Created 06-20-2018 03:41 AM
screen-shot-2018-06-19-at-104245-pm.png
Count distinct doesn't always give me the right answer. I've attached two different queries that should both result in 7 unique items purchased. If I don't do an operation on mdse_item_i like cast it to a bigint, it doesn't always count them correctly.
to explain it simply, when i do cast on "mdse_itcountsdistinct-1.txtdoesnotcountdistinct.txtem_i" it gives unique results as 7, but when i don't do casting it gives unique results as 10 which is not correct.
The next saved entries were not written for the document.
(* Differentiate M(s) = ||(s/t) u||^2 on H*_s in s along the hyperbolae s |-> (sqrt (s^2 + |x|^2), x)
   with x fixed.  As u vanishes near the cone, the integrands extended by zero off H*_s are continuous
   in (s, x), so M and E_con become parameter integrals over one fixed box and M' can be computed under
   the integral sign.  Pointwise, s d_s ((s/t) u)^2 <= 2 (s/t) u Y with Y = s (s/t)^2 d_t u + (s/t) u,
   and Y is a combination of K u + u and s bar-d_a u with coefficients s/t and x^a/t of modulus at most 1,
   so |Y| <= 5 e^(1/2) for the energy density e.  Integrating the AM-GM inequality and optimising its
   weight gives s M' <= 10 (M E_con)^(1/2), i.e. sqrt M(s) <= sqrt M(s0) + 5 int_{s0}^s E_con^(1/2) / s'.
   The same identities bound s (s/t)^2 d_alpha u pointwise by |(s/t) u| + 6 e^(1/2). *)

theory Submission
  imports Defs
begin

lemma two_mult_le_weighted_sum:
  fixes x y \<mu> :: real
  assumes "0 < \<mu>"
  shows "2 * x * y \<le> \<mu> * x\<^sup>2 + y\<^sup>2 / \<mu>"
proof -
  have "0 \<le> (\<mu> * x - y)\<^sup>2 / \<mu>"
    using assms by simp
  also have "\<dots> = \<mu> * x\<^sup>2 + y\<^sup>2 / \<mu> - 2 * x * y"
    using assms by (simp add: power2_eq_square field_simps)
  finally show ?thesis
    by simp
qed

lemma le_two_sqrt_mult_of_weighted_bounds:
  fixes X A B :: real
  assumes le: "\<And>\<mu>. 0 < \<mu> \<Longrightarrow> X \<le> \<mu> * A + B / \<mu>" and "0 \<le> A" "0 \<le> B"
  shows "X \<le> 2 * sqrt (A * B)"
proof -
  have bound: "X \<le> 2 * sqrt ((A + \<delta>) * (B + \<delta>))" if "0 < \<delta>" for \<delta>
  proof -
    let ?a = "sqrt (A + \<delta>)" and ?b = "sqrt (B + \<delta>)"
    have a: "0 < ?a" "?a * ?a = A + \<delta>" and b: "0 < ?b" "?b * ?b = B + \<delta>"
      using that assms(2,3) by simp_all
    have "X \<le> ?b / ?a * A + B / (?b / ?a)"
      using a b by (intro le) simp
    also have "\<dots> \<le> ?b / ?a * (A + \<delta>) + (B + \<delta>) / (?b / ?a)"
      using a b that by (intro add_mono mult_left_mono divide_right_mono) auto
    also have "\<dots> = 2 * (?a * ?b)"
      using a b by (simp add: field_simps)
    finally show ?thesis
      by (simp add: real_sqrt_mult)
  qed
  have "((\<lambda>\<delta>. 2 * sqrt ((A + \<delta>) * (B + \<delta>))) \<longlongrightarrow> 2 * sqrt ((A + 0) * (B + 0))) (at_right 0)"
    by (intro tendsto_intros)
  moreover have "\<forall>\<^sub>F \<delta> in at_right 0. X \<le> 2 * sqrt ((A + \<delta>) * (B + \<delta>))"
    using eventually_at_right_less by (rule eventually_mono) (rule bound)
  ultimately show ?thesis
    using tendsto_lowerbound trivial_limit_at_right_real by fastforce
qed

text \<open>\<open>\<surd>(I + \<epsilon>) - \<integral>\<^sub>a\<^sup>x c\<close> is non-increasing for every \<open>\<epsilon> > 0\<close>; let \<open>\<epsilon> \<rightarrow> 0\<close>.\<close>

lemma sqrt_le_sqrt_add_integral_of_deriv_le:
  fixes I I' c :: "real \<Rightarrow> real"
  assumes "a \<le> b" and contI: "continuous_on {a..b} I" and contc: "continuous_on {a..b} c"
    and I': "\<And>x. a < x \<Longrightarrow> x < b \<Longrightarrow> (I has_real_derivative I' x) (at x)"
    and I'_le: "\<And>x. a < x \<Longrightarrow> x < b \<Longrightarrow> I' x \<le> 2 * sqrt (I x) * c x"
    and I_nonneg: "\<And>x. a \<le> x \<Longrightarrow> x \<le> b \<Longrightarrow> 0 \<le> I x"
    and c_nonneg: "\<And>x. a \<le> x \<Longrightarrow> x \<le> b \<Longrightarrow> 0 \<le> c x"
  shows "sqrt (I b) \<le> sqrt (I a) + integral {a..b} c"
proof -
  have bound: "sqrt (I b + \<epsilon>) \<le> sqrt (I a + \<epsilon>) + integral {a..b} c" if "0 < \<epsilon>" for \<epsilon>
  proof -
    define G where "G x = sqrt (I x + \<epsilon>) - integral {a..x} c" for x
    have "G b \<le> G a"
    proof (rule DERIV_nonpos_imp_decreasing_open[OF assms(1)])
      fix x
      assume x: "a < x" "x < b"
      have pos: "0 < sqrt (I x + \<epsilon>)"
        using I_nonneg[of x] x that by simp
      have "((\<lambda>x. integral {a..x} c) has_real_derivative c x) (at x)"
        using integral_has_real_derivative[OF contc, of x] x by (simp add: at_within_Icc_at)
      then have "(G has_real_derivative I' x / (2 * sqrt (I x + \<epsilon>)) - c x) (at x)"
        unfolding G_def using I'[OF x] pos
        by (auto intro!: derivative_eq_intros simp: field_simps)
      moreover have "2 * sqrt (I x) * c x \<le> 2 * sqrt (I x + \<epsilon>) * c x"
        using c_nonneg[of x] x that by (intro mult_right_mono) auto
      then have "I' x \<le> 2 * sqrt (I x + \<epsilon>) * c x"
        using I'_le[OF x] by linarith
      then have "I' x / (2 * sqrt (I x + \<epsilon>)) - c x \<le> 0"
        using pos by (simp add: pos_divide_le_eq mult.commute)
      ultimately show "\<exists>y. (G has_real_derivative y) (at x) \<and> y \<le> 0"
        by blast
    next
      show "continuous_on {a..b} G"
        unfolding G_def using integrable_continuous_real[OF contc]
        by (intro continuous_intros contI indefinite_integral_continuous_1)
    qed
    then show ?thesis
      by (simp add: G_def)
  qed
  have "((\<lambda>\<epsilon>. sqrt (I b + \<epsilon>)) \<longlongrightarrow> sqrt (I b + 0)) (at_right 0)"
    "((\<lambda>\<epsilon>. sqrt (I a + \<epsilon>) + integral {a..b} c) \<longlongrightarrow> sqrt (I a + 0) + integral {a..b} c) (at_right 0)"
    by (intro tendsto_intros)+
  moreover have "\<forall>\<^sub>F \<epsilon> in at_right 0. sqrt (I b + \<epsilon>) \<le> sqrt (I a + \<epsilon>) + integral {a..b} c"
    using eventually_at_right_less by (rule eventually_mono) (rule bound)
  ultimately show ?thesis
    using tendsto_le[OF trivial_limit_at_right_real] by fastforce
qed

lemma frechet_derivative_eq_0_if_vanishes_on_open:
  assumes "open V" "q \<in> V" "\<And>y. y \<in> V \<Longrightarrow> f y = 0"
  shows "frechet_derivative f (at q) = (\<lambda>_. 0)"
proof -
  have "(f has_derivative (\<lambda>_. 0)) (at q)"
    by (rule has_derivative_transform_within_open[OF has_derivative_const assms(1,2)]) (simp add: assms(3))
  then show ?thesis
    by (rule frechet_derivative_at[symmetric])
qed

lemma at_within_Ioo_neq_bot:
  fixes a b c :: real
  assumes "a < b" "c \<in> {a..b}"
  shows "at c within {a<..<b} \<noteq> bot"
proof -
  have "c islimpt closure {a<..<b}"
    using assms by (intro islimpt_closure_open[OF open_greaterThanLessThan refl])
      (simp add: closure_greaterThanLessThan)
  then show ?thesis
    by (simp add: trivial_limit_within limpt_of_closure)
qed

lemma has_real_derivative_sqrt_sq_add:
  fixes c s :: real
  assumes "0 < s" "0 \<le> c"
  shows "((\<lambda>\<sigma>. sqrt (\<sigma>\<^sup>2 + c)) has_real_derivative s / sqrt (s\<^sup>2 + c)) (at s)"
proof -
  have "0 < s\<^sup>2 + c"
    using assms by (simp add: add_pos_nonneg)
  then show ?thesis
    by (auto intro!: derivative_eq_intros simp: field_simps)
qed

lemma has_real_derivative_div_sqrt_sq_add:
  fixes c s :: real
  assumes "0 < s" "0 \<le> c"
  shows "((\<lambda>\<sigma>. \<sigma> / sqrt (\<sigma>\<^sup>2 + c)) has_real_derivative c / sqrt (s\<^sup>2 + c) ^ 3) (at s)"
proof -
  let ?t = "sqrt (s\<^sup>2 + c)"
  have t: "0 < ?t" "?t\<^sup>2 = s\<^sup>2 + c"
    using assms by (simp_all add: add_pos_nonneg)
  have D: "((\<lambda>\<sigma>. \<sigma> / sqrt (\<sigma>\<^sup>2 + c)) has_real_derivative (1 * ?t - s * (s / ?t)) / (?t * ?t)) (at s)"
    by (rule DERIV_divide[OF DERIV_ident has_real_derivative_sqrt_sq_add[OF assms]]) (use t(1) in linarith)
  have "(1 * ?t - s * (s / ?t)) / (?t * ?t) = (?t\<^sup>2 - s\<^sup>2) / ?t ^ 3"
    using t(1) by (simp add: field_simps power2_eq_square power3_eq_cube)
  also have "\<dots> = c / ?t ^ 3"
    using t(2) by simp
  finally show ?thesis
    using D by (simp only:)
qed

section \<open>Hyperboloids in the cone\<close>

lemma fst_hyp [simp]: "fst (hyp s x) = sqrt (s\<^sup>2 + (norm x)\<^sup>2)"
  by (simp add: hyp_def)

lemma snd_hyp [simp]: "snd (hyp s x) = x"
  by (simp add: hyp_def)

lemma hs_hyp: "0 \<le> s \<Longrightarrow> hs (hyp s x) = s"
  by (simp add: hs_def hyp_def)

lemma Kcone_iff: "p \<in> Kcone \<longleftrightarrow> norm (snd p) + 1 < fst p"
  by (cases p) (simp add: Kcone_def)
hive> select * from dfr_distinct; OK 100000000938 5 7 12.33 2 2.75 4.27 8.060 2 8 0 Time taken: 0.479 seconds, Fetched: 1 row(s) hive> select * from dfr_distinctnot; OK 100000000938 5 10 12.33 2 2.75 4.27 8.06 0 2 8 0 Time taken: 0.932 seconds, Fetched: 1 row(s)
tried running the query in both MR and Tez modes still giving same results when i don't do casting.
Created 06-20-2018 01:36 PM
What datatype is mdse_item_i originally? Can you paste the output here for when you get the 7 distinct values versus the 10 distinct values? I'd like to see what the difference is.
Created 06-20-2018 05:56 PM
screen-shot-2018-06-20-at-125515-pm.png@anarasimham thanks for your reply.
mdse_item_i data type is int
`mdse_item_i` int
and the output attached as screenshot
Created 06-21-2018 11:34 AM
How many rows of data do you have?
Can you test this issue out with a new set of tables with a few rows in them? Can you try removing the rest of the columns to remove any extra variables?
Created 06-21-2018 03:42 PM
@Jalender Can you do distinct on mdse_item_i column alone with and without casting and share me the results? I think some leading spaces sometimes could lead to these issues.